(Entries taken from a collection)
BEGIN
(* Let $G=(V,E)$ be a temporal graph, $s\in V$, $t_s\in\mathbb{R}$, and $T$ the DFS tree produced by DFS-v2 on $G$ from $s$ with starting time $t_s$. Let $t_x\le t_y$ with $t_x\ge t_s$, let $v\neq s$, and let $O(v)$ be the set of occurrences of $v$ in $T$. Let $O'(v)=\{v_o\in O(v): t_{start}(v_o)\ge t_x,\ t_{end}(v_o)\le t_y\}$. If $O'(v)\neq\emptyset$ and $v_{\min}\in O'(v)$ minimizes $t_{end}(v_o)-t_{start}(v_o)$ over $O'(v)$, then the tree path from the root to $v_{\min}$ is a fastest path from $s$ to $v$ within $[t_x,t_y]$: it is a temporal path $P$ from $s$ to $v$ with $t_x\le t_{start}(P)$, $t_{end}(P)\le t_y$, and $t_{end}(P)-t_{start}(P)\le t_{end}(P')-t_{start}(P')$ for every temporal path $P'$ from $s$ to $v$ with $t_x\le t_{start}(P')$ and $t_{end}(P')\le t_y$. If $O'(v)=\emptyset$, then no temporal path $P'$ from $s$ to $v$ with $t_x\le t_{start}(P')$ and $t_{end}(P')\le t_y$ exists.
   Context: A temporal graph is a pair $G=(V,E)$ where $V$ is a finite set of vertices and $E$ is a finite set of temporal edges, i.e. triples $(u,v,t)$ with $u,v\in V$, $u\neq v$, $t\in\mathbb{R}$ (the time at which the edge is active); distinct elements of $E$ are distinct triples. A temporal path from $x$ to $y$ is a sequence $P=\langle (w_1,w_2,t_1),\dots,(w_k,w_{k+1},t_k)\rangle$ of $k\ge1$ edges of $E$ with $w_1=x$, $w_{k+1}=y$ and $t_1\le t_2\le\dots\le t_k$; $t_{start}(P)=t_1$, $t_{end}(P)=t_k$. Temporal DFS-v2. The procedure maintains a value $\sigma(x)\in\mathbb{R}\cup\{\infty\}$ for every $x\in V$, initially $\infty$, and a set of already traversed edges, initially empty, and builds a rooted tree $T$ whose nodes are occurrences of vertices of $G$ (a vertex may occur several times). Each occurrence carries a label, namely the value assigned to $\sigma(x)$ when that occurrence was created. Start: create the root occurrence of $s$, set $\sigma(s)=t_s$, and make it current. Step (a): let $u$ be the vertex of the current occurrence, $\sigma_u$ its label, and $A$ the set of edges $(u,v,t)\in E$ not yet traversed with $\sigma_u\le t$. If $A=\emptyset$: if the current occurrence is the root, terminate; otherwise make its parent current and repeat step (a). If $A\neq\emptyset$, select an edge $e=(u,v,t)\in A$ with the largest time $t$ (ties arbitrary), mark it traversed and go to step (b). Step (b): if the current value $\sigma(v)>t$, create a new occurrence of $v$ as a child of the current occurrence joined by the tree edge $e$, set $\sigma(v):=t$ (its label), make it current and go to (a); otherwise go to (a) with the same current occurrence. Active interval: for a non-root occurrence $v_o$ of $T$, the tree edges on the path from the root to $v_o$ form a sequence $\langle (s=w_1,w_2,t_1),\dots,(w_k,w_{k+1}=v,t_k)\rangle$; set $t_{start}(v_o)=t_1$ and $t_{end}(v_o)=t_k$. *)

theory Defs
  imports Complex_Main "HOL-Library.Extended_Real"
begin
END
About this task: Extract each record, keeping it identical to the original.

Solution to this problem:
(* Let $G=(V,E)$ be a temporal graph, $s\in V$, $t_s\in\mathbb{R}$, and $T$ the DFS tree produced by DFS-v2 on $G$ from $s$ with starting time $t_s$. Let $t_x\le t_y$ with $t_x\ge t_s$, let $v\neq s$, and let $O(v)$ be the set of occurrences of $v$ in $T$. Let $O'(v)=\{v_o\in O(v): t_{start}(v_o)\ge t_x,\ t_{end}(v_o)\le t_y\}$. If $O'(v)\neq\emptyset$ and $v_{\min}\in O'(v)$ minimizes $t_{end}(v_o)-t_{start}(v_o)$ over $O'(v)$, then the tree path from the root to $v_{\min}$ is a fastest path from $s$ to $v$ within $[t_x,t_y]$: it is a temporal path $P$ from $s$ to $v$ with $t_x\le t_{start}(P)$, $t_{end}(P)\le t_y$, and $t_{end}(P)-t_{start}(P)\le t_{end}(P')-t_{start}(P')$ for every temporal path $P'$ from $s$ to $v$ with $t_x\le t_{start}(P')$ and $t_{end}(P')\le t_y$. If $O'(v)=\emptyset$, then no temporal path $P'$ from $s$ to $v$ with $t_x\le t_{start}(P')$ and $t_{end}(P')\le t_y$ exists.
   Context: A temporal graph is a pair $G=(V,E)$ where $V$ is a finite set of vertices and $E$ is a finite set of temporal edges, i.e. triples $(u,v,t)$ with $u,v\in V$, $u\neq v$, $t\in\mathbb{R}$ (the time at which the edge is active); distinct elements of $E$ are distinct triples. A temporal path from $x$ to $y$ is a sequence $P=\langle (w_1,w_2,t_1),\dots,(w_k,w_{k+1},t_k)\rangle$ of $k\ge1$ edges of $E$ with $w_1=x$, $w_{k+1}=y$ and $t_1\le t_2\le\dots\le t_k$; $t_{start}(P)=t_1$, $t_{end}(P)=t_k$. Temporal DFS-v2. The procedure maintains a value $\sigma(x)\in\mathbb{R}\cup\{\infty\}$ for every $x\in V$, initially $\infty$, and a set of already traversed edges, initially empty, and builds a rooted tree $T$ whose nodes are occurrences of vertices of $G$ (a vertex may occur several times). Each occurrence carries a label, namely the value assigned to $\sigma(x)$ when that occurrence was created. Start: create the root occurrence of $s$, set $\sigma(s)=t_s$, and make it current. Step (a): let $u$ be the vertex of the current occurrence, $\sigma_u$ its label, and $A$ the set of edges $(u,v,t)\in E$ not yet traversed with $\sigma_u\le t$. If $A=\emptyset$: if the current occurrence is the root, terminate; otherwise make its parent current and repeat step (a). If $A\neq\emptyset$, select an edge $e=(u,v,t)\in A$ with the largest time $t$ (ties arbitrary), mark it traversed and go to step (b). Step (b): if the current value $\sigma(v)>t$, create a new occurrence of $v$ as a child of the current occurrence joined by the tree edge $e$, set $\sigma(v):=t$ (its label), make it current and go to (a); otherwise go to (a) with the same current occurrence. Active interval: for a non-root occurrence $v_o$ of $T$, the tree edges on the path from the root to $v_o$ form a sequence $\langle (s=w_1,w_2,t_1),\dots,(w_k,w_{k+1}=v,t_k)\rangle$; set $t_{start}(v_o)=t_1$ and $t_{end}(v_o)=t_k$. *)

theory Defs
  imports Complex_Main "HOL-Library.Extended_Real"
begin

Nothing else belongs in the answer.